A humanidade está oficialmente a caminho da Lua mais uma vez, em um programa de exploração que conta com a adesão do Brasil, país signatário dos Acordos Artemis desde 2021. Na noite desta quinta-feira (2 de abril), a Agência Espacial Americana (NASA) confirmou o sucesso absoluto da Injeção Translunar (TLI), a manobra orbital crítica responsável por retirar a cápsula Orion da órbita terrestre e impulsioná-la em direção ao nosso satélite natural. Com a consolidação do procedimento, os quatro astronautas a bordo dão início à primeira viagem lunar tripulada em mais de cinco décadas.
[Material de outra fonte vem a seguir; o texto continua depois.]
text \<open>\<open>(a, k) \<in> lattice_sums P\<close> iff \<open>x\<^sup>a y\<^sup>k\<close> is a product of \<open>k\<close> generators of \<open>k[P]\<close>, and
  \<open>(a, k) \<in> dilate_points P\<close> iff \<open>x\<^sup>a y\<^sup>k\<close> is one of the monomials spanning \<open>\<A>[P]\<close>.\<close>

inductive_set lattice_sums :: "(real^'n::finite) set \<Rightarrow> (('n \<Rightarrow> nat) \<times> nat) set" for P where
  zero: "((\<lambda>_. 0), 0) \<in> lattice_sums P"
| add_point: "(a, k) \<in> lattice_sums P \<Longrightarrow> ofv b \<in> P \<Longrightarrow> ((\<lambda>j. a j + b j), Suc k) \<in> lattice_sums P"

definition dilate_points :: "(real^'n::finite) set \<Rightarrow> (('n \<Rightarrow> nat) \<times> nat) set" where
  "dilate_points P = {(a, k). ofv a \<in> (\<lambda>x. real k *\<^sub>R x) ` P \<or> (k = 0 \<and> a = (\<lambda>_. 0))}"

definition IDP :: "(real^'n::finite) set \<Rightarrow> bool" where
  "IDP P \<longleftrightarrow> dilate_points P \<subseteq> lattice_sums P"

lemma lattice_sums_add:
  "(b, l) \<in> lattice_sums P \<Longrightarrow> (a, k) \<in> lattice_sums P \<Longrightarrow> ((\<lambda>j. a j + b j), k + l) \<in> lattice_sums P"
proof (induction rule: lattice_sums.induct)
  case (add_point b l c)
  then have "((\<lambda>j. (a j + b j) + c j), Suc (k + l)) \<in> lattice_sums P"
    by (intro lattice_sums.add_point) auto
  then show ?case by (simp add: add.assoc)
qed simp

lemma lattice_sums_add_multiple:
  "(a, k) \<in> lattice_sums P \<Longrightarrow> ofv b \<in> P \<Longrightarrow> ((\<lambda>j. a j + m * b j), k + m) \<in> lattice_sums P"
proof (induction m)
  case (Suc m)
  then have "((\<lambda>j. (a j + m * b j) + b j), Suc (k + m)) \<in> lattice_sums P"
    by (intro lattice_sums.add_point) auto
  then show ?case by (simp add: algebra_simps)
qed simp

lemma lattice_sums_mono: "(a, k) \<in> lattice_sums P \<Longrightarrow> P \<subseteq> Q \<Longrightarrow> (a, k) \<in> lattice_sums Q"
  by (induction rule: lattice_sums.induct) (auto intro: lattice_sums.intros)

lemma lattice_sums_subset_dilate_points:
  assumes "convex P"
  shows "lattice_sums P \<subseteq> dilate_points P"
proof clarify
  fix a k assume "(a, k) \<in> lattice_sums P"
  then show "(a, k) \<in> dilate_points P"
  proof (induction rule: lattice_sums.induct)
    case (add_point a k b)
    show ?case
    proof (cases "k = 0")
      case True
      with add_point have "a = (\<lambda>_. 0)" by (auto simp: dilate_points_def ofv_eq_0_iff)
      with add_point True show ?thesis by (auto simp: dilate_points_def)
    next
      case False
      then obtain x where x: "x \<in> P" "ofv a = real k *\<^sub>R x"
        using add_point by (auto simp: dilate_points_def)
      define u where "u = real k / real (Suc k)"
      have "u *\<^sub>R x + (1 - u) *\<^sub>R ofv b \<in> P"
        using assms x add_point unfolding convex_def u_def by auto
      moreover have "ofv (\<lambda>j. a j + b j) = real (Suc k) *\<^sub>R (u *\<^sub>R x + (1 - u) *\<^sub>R ofv b)"
        by (simp add: ofv_add x u_def scaleR_add_right field_simps)
      ultimately show ?thesis by (auto simp: dilate_points_def)
    qed
  qed (simp add: dilate_points_def)
qed

lemma expo_lattice_sums_add:
  "x \<in> case_prod expo ` lattice_sums P \<Longrightarrow> y \<in> case_prod expo ` lattice_sums P
    \<Longrightarrow> x + y \<in> case_prod expo ` lattice_sums P"
  by (force simp: expo_add dest: lattice_sums_add)

lemma keys_subset_of_polytopal_ring:
  "p \<in> (polytopal_ring P :: ('n::finite, 'k::field) Spoly set)
    \<Longrightarrow> Poly_Mapping.keys p \<subseteq> case_prod expo ` lattice_sums P"
  unfolding polytopal_ring_def
proof (induction rule: alg_gen.induct)
  case (gen g)
  then obtain a where "g = monom_S (expo a 1)" "ofv a \<in> P" by auto
  moreover from \<open>ofv a \<in> P\<close> have "(a, 1) \<in> lattice_sums P"
    using lattice_sums.add_point[OF lattice_sums.zero] by fastforce
  ultimately show ?case by (force simp: monom_S_def)
next
  case one
  have "(0 :: 'n option \<Rightarrow>\<^sub>0 nat) \<in> case_prod expo ` lattice_sums P"
    using lattice_sums.zero by (force simp: expo_zero[symmetric])
  then show ?case by simp
next
  case (scal p c)
  have "Poly_Mapping.keys (Poly_Mapping.single 0 c * p) \<subseteq> Poly_Mapping.keys p"
    using keys_mult[of "Poly_Mapping.single 0 c" p] by (auto split: if_splits)
  with scal show ?case by blast
next
  case (add p q)
  then show ?case using keys_add[of p q] by auto
next
  case (mult p q)
  have "{a + b |a b. a \<in> Poly_Mapping.keys p \<and> b \<in> Poly_Mapping.keys q} \<subseteq> case_prod expo ` lattice_sums P"
    using mult.IH by (blast intro: expo_lattice_sums_add)
  then show ?case using keys_mult[of p q] by blast
qed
De acordo com informações do Olhar Digital, a confirmação oficial da manobra ocorreu exatamente às 20h49, no horário de Brasília. Toda a comunicação de aprovação foi intermediada diretamente pelo centro de controle de voo, localizado na cidade de Houston, que declarou a nave totalmente pronta para partir após rigorosas checagens operacionais.
Como ocorreu o momento de maior tensão da missão espacial?
Momentos antes da ignição, a operadora de comunicação com a cápsula (CAPCOM), Chris Birch, atestou as plenas condições de voo da espaçonave. A resposta enviada diretamente do espaço sideral marcou a história e foi declarada pela astronauta Christina Koch, de dentro da cabine da Orion.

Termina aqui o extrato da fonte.